# Basket upgrade / tamper for Gaggia Classic 2019



## Drew (Jan 31, 2021)

Hi,

My Delonghi bean to cup machine has failed. From lurking around & my low end budget, I've gone for a Gaggia Classic 2019 & manual grinder (JX-pro) until I feel comfortable paying a lot for an electric grinder.

From out of the box, it would appear the best upgrades that I can purchase that don't cost a lot of money, would be:

(1) a new basket (e.g. VST 15g or 18g). It will be used mainly for milk based coffee (latte / cappuccino). I dont know whether ridgeless or ridged is best.

(2) a decent tamper.

I'd appreciate any suggestions for what would suit the gaggia classic. I've read the VST can be less forgiving than the OEM basket for a complete novice. like myself, given I've been using a bean to cup machine.

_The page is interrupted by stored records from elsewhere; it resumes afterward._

lemma aff_conj_into_Hsub_distinct_pos_eigenvalues:
  fixes t :: "real^2" and A :: "real^2^2"
  assumes q: "A$1$2 > 0" and det: "det A > 0" and trace: "A$1$1 + A$2$2 > 0"
    and disc: "(A$1$1 - A$2$2)^2 + 4 * A$1$2 * A$2$1 > 0"
  shows "\<exists>k\<in>Gaff. \<exists>h\<in>Hsub. aff (t, A) ** k = k ** h"
proof -
  define p q r s where "p = A$1$1" "q = A$1$2" "r = A$2$1" "s = A$2$2"
  define \<delta> where "\<delta> = sqrt ((p - s)^2 + 4 * q * r)"
  define l1 l2 where "l1 = (p + s - \<delta>) / 2" "l2 = (p + s + \<delta>) / 2"
  have \<delta>: "\<delta> > 0" "\<delta>^2 = (p - s)^2 + 4 * q * r"
    using disc unfolding \<delta>_def p_q_r_s_def by simp_all
  have "\<delta>^2 < (p + s)^2"
    using \<delta>(2) det unfolding p_q_r_s_def det_2 by (simp add: power2_eq_square algebra_simps)
  then have "\<delta> < p + s"
    using trace unfolding p_q_r_s_def by (auto intro: power_less_imp_less_base)
  then have l: "0 < l1" "l1 < l2"
    using \<delta>(1) unfolding l1_l2_def by auto
  define v where "v l = (\<chi> i. if i = 1 then q else l - p :: real^2)" for l
  have eigen: "A *v v l = l *\<^sub>R v l" if "l = l1 \<or> l = l2" for l
  proof -
    have "p + s - 2 * l = \<delta> \<or> p + s - 2 * l = - \<delta>"
      using that unfolding l1_l2_def by auto
    then have "(p + s - 2 * l)^2 = \<delta>^2"
      by auto
    then have "r * q + s * (l - p) = l * (l - p)"
      using \<delta>(2) by (simp add: power2_eq_square algebra_simps)
    then show ?thesis
      unfolding v_def p_q_r_s_def
      by (simp add: vec_eq_iff forall_2 matrix_vector_mult_def sum_2 algebra_simps)
  qed
  have "q > 0" using q unfolding p_q_r_s_def .
  txt \<open>At most one eigenvalue is 1; it goes first, its eigenvector negated to keep the
    orientation.\<close>
  show ?thesis
  proof (cases "l2 = 1")
    case False
    have "(v l1)$1 * (v l2)$2 - (v l2)$1 * (v l1)$2 > 0"
      using \<open>q > 0\<close> l unfolding v_def by (simp add: algebra_simps)
    with eigen False l show ?thesis
      by (intro aff_conj_into_Hsub_eigenbasis[of A "v l1" l1 "v l2" l2]) auto
  next
    case True
    have "(- v l2)$1 * (v l1)$2 - (v l1)$1 * (- v l2)$2 > 0"
      using \<open>q > 0\<close> l unfolding v_def by (simp add: algebra_simps)
    with eigen True l show ?thesis
      by (intro aff_conj_into_Hsub_eigenbasis[of A "- v l2" l2 "v l1" l1])
        (auto simp: linear_neg[OF matrix_vector_mul_linear])
  qed
qed

lemma Gaff_conj_into_Hsub:
  assumes "g \<in> Gaff" "g$2$3 > 0" "g$2$2 + g$3$3 > 0"
    "(g$2$2 - g$3$3)^2 + 4 * g$2$3 * g$3$2 > 0"
  shows "\<exists>k\<in>Gaff. \<exists>h\<in>Hsub. g ** k = k ** h"
proof -
  obtain t A where g: "g = aff (t, A)" and "det A > 0"
    using assms(1) unfolding Gaff_def Upar_def by auto
  with assms(2-4) show ?thesis
    unfolding g by (intro aff_conj_into_Hsub_distinct_pos_eigenvalues) (simp_all add: aff_nth)
qed

lemma tendsto_difference_quotient:
  fixes \<gamma> :: "real \<Rightarrow> 'a::real_normed_vector"
  assumes "(\<gamma> has_derivative (\<lambda>e. e *\<^sub>R X)) (at 0)"
  shows "((\<lambda>e. (\<gamma> e - \<gamma> 0) /\<^sub>R e) \<longlongrightarrow> X) (at 0)"
proof -
  have "(\<lambda>h. norm (\<gamma> h - \<gamma> 0 - h *\<^sub>R X) / norm h) \<midarrow>0\<rightarrow> 0"
    using assms by (simp add: has_derivative_at)
  moreover have "norm (\<gamma> h - \<gamma> 0 - h *\<^sub>R X) / norm h = norm ((\<gamma> h - \<gamma> 0) /\<^sub>R h - X)"
    if "h \<noteq> 0" for h
  proof -
    have "\<gamma> h - \<gamma> 0 - h *\<^sub>R X = h *\<^sub>R ((\<gamma> h - \<gamma> 0) /\<^sub>R h - X)"
      using that by (simp add: algebra_simps)
    then show ?thesis using that by simp
  qed
  ultimately have "(\<lambda>h. norm ((\<gamma> h - \<gamma> 0) /\<^sub>R h - X)) \<midarrow>0\<rightarrow> 0"
    by (rule Lim_transform_within[OF _ zero_less_one]) auto
  then show ?thesis
    by (simp add: tendsto_norm_zero_iff LIM_zero_iff)
qed
(* Let $G$ be an abelian group with no elements of order $2$, $F$ a field of characteristic $0$, and let $R=M_n(F)$ carry the elementary $G$-grading induced by an $n$-tuple $(g_1,\dots,g_n)$ of pairwise distinct elements of $G$. Suppose that there exists $g\in G$ with $\dim R_g=1$ and that $R$ satisfies no non-trivial multilinear graded monomial identity of length $2$. Then the grading on $R$ is isomorphic to a coarsening of the $\mathbb{Z}^{\lfloor n/2\rfloor}$-grading $\Gamma_n$ defined below; that is, there is an algebra automorphism $\varphi$ of $M_n(F)$ such that for every $u\in\mathbb{Z}^{\lfloor n/2\rfloor}$ there is $g\in G$ with $\varphi(\Gamma_{n,u})\subseteq R_g$. Equivalently, after reordering the tuple and translating it, the grading is induced by $(h_1,\dots,h_n)$ satisfying $h_{t+1}-h_t=h_{n-t+1}-h_{n-t}$ for $t=1,\dots,n-1$.
   Context: The elementary grading on $M_n(F)$ induced by $(g_1,\dots,g_n)$ in an additive group is $R_g=\mathrm{span}\{e_{pq}: g_q-g_p=g\}$. The grading $\Gamma_n$: let $m=\lfloor n/2\rfloor$ and $e_1,\dots,e_m$ the standard basis of $\mathbb{Z}^m$; put $d_i=e_i$ for $1\leq i\leq m$ and $d_i=d_{n-i}$ for $m<i\leq n-1$; let $\overline{g}=(g_1,\dots,g_n)$ with $g_1=0$ and $g_{i+1}=g_i+d_i$; $\Gamma_n$ is the elementary $\mathbb{Z}^m$-grading on $M_n(F)$ induced by $\overline g$, with components $\Gamma_{n,u}=\mathrm{span}\{e_{pq}: g_q-g_p=u\}$. A grading $\Gamma'$ is a coarsening of $\Gamma$ if every homogeneous component of $\Gamma$ is contained in some homogeneous component of $\Gamma'$. A graded monomial identity is trivial if it lies in the $T_G$-ideal generated by the variables whose degree is outside the support of the grading, and non-trivial otherwise; its length is its number of variables. *)

theory Defs
  imports "Jordan_Normal_Form.Matrix" "HOL-Library.Function_Algebras"
begin

text \<open>Matrices in M_n(F) are Jordan_Normal_Form matrices in carrier_mat n n,
  indices 0..n-1 (paper's index p corresponds to p+1 here).\<close>

text \<open>Homogeneous component of the elementary grading induced by the tuple g:
  the span of the matrix units e_pq with g q - g p = h, i.e. the matrices
  supported on those positions.\<close>
definition elem_comp :: "nat \<Rightarrow> (nat \<Rightarrow> 'g::ab_group_add) \<Rightarrow> 'g \<Rightarrow> 'f::field mat set" where
  "elem_comp n g h = {A \<in> carrier_mat n n. \<forall>p<n. \<forall>q<n. A $$ (p,q) \<noteq> 0 \<longrightarrow> g q - g p = h}"

definition dim_one :: "nat \<Rightarrow> 'f::field mat set \<Rightarrow> bool" where
  "dim_one n V \<longleftrightarrow> (\<exists>A\<in>V. A \<noteq> 0\<^sub>m n n \<and> V = {c \<cdot>\<^sub>m A | c. True})"

definition in_support :: "nat \<Rightarrow> (nat \<Rightarrow> 'g::ab_group_add) \<Rightarrow> 'f::field itself \<Rightarrow> 'g \<Rightarrow> bool" where
  "in_support n g TYPE('f) h \<longleftrightarrow> (elem_comp n g h :: 'f::field mat set) \<noteq> {0\<^sub>m n n}"

definition monomial_identity2 :: "nat \<Rightarrow> (nat \<Rightarrow> 'g::ab_group_add) \<Rightarrow> 'f::field itself \<Rightarrow> 'g \<Rightarrow> 'g \<Rightarrow> bool" where
  "monomial_identity2 n g TYPE('f) a b \<longleftrightarrow>
     (\<forall>A \<in> (elem_comp n g a :: 'f mat set). \<forall>B \<in> elem_comp n g b. A * B = 0\<^sub>m n n)"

Thanks for any advice offered.


----------



## HDAV (Dec 28, 2012)

Don't worry about baskets for a while learn to use the machine first, a better tamper though is worth while motta are good and reasonable perhaps consider a distributor also. https://www.blackcatcoffee.co.uk/collections/tampers

I would put opv springs ahead of any basket upgrades too


----------



## Drew (Jan 31, 2021)

Thanks - the opv spring is next to nothing so I'll do that first.


----------



## Gav86 (Dec 10, 2020)

Agree with the above, opv mod and a tamper to start. Learn the machine then think about other mods.

I understand the IMS baskets are more forgiving than the VST. (I went for ims for that reason).


----------



## Drew (Jan 31, 2021)

Thanks for the advice.


----------



## allikat (Jan 27, 2020)

I'd heard VST were more forgiving that IMS, but your mileage will always vary.

If you want to try VST baskets, check out https://coffeehit.co.uk/products/la-marzocco-baskets for some options. La Marzocco baskets are made by VST, and they'll fit the Gaggia portafilter (tho you need a bottomless to hold the 21g). They're not run through all the checks and scans they do on their full price baskets, but still, same production line. And they ship with a £3k machine as stock so... what's not to love?

Whichever after market basket you choose, you will NEED to grind finer than with the stock. Both IMS and VST will need a better technique than the stock to get good results. Learn how your machine works first.

My first proper tamper was a generic 58mm from China care of fleabay. Got a 58.4mm coming from Black Cat this week (when my coffee order is roasted).

Top things:

Tamper, OPV springs, Decalcifier (PulyCalc or similar), Cleaner (Caffiza or PulyCaff), milk pitcher if you steam milk, scale (yagua or similar).


----------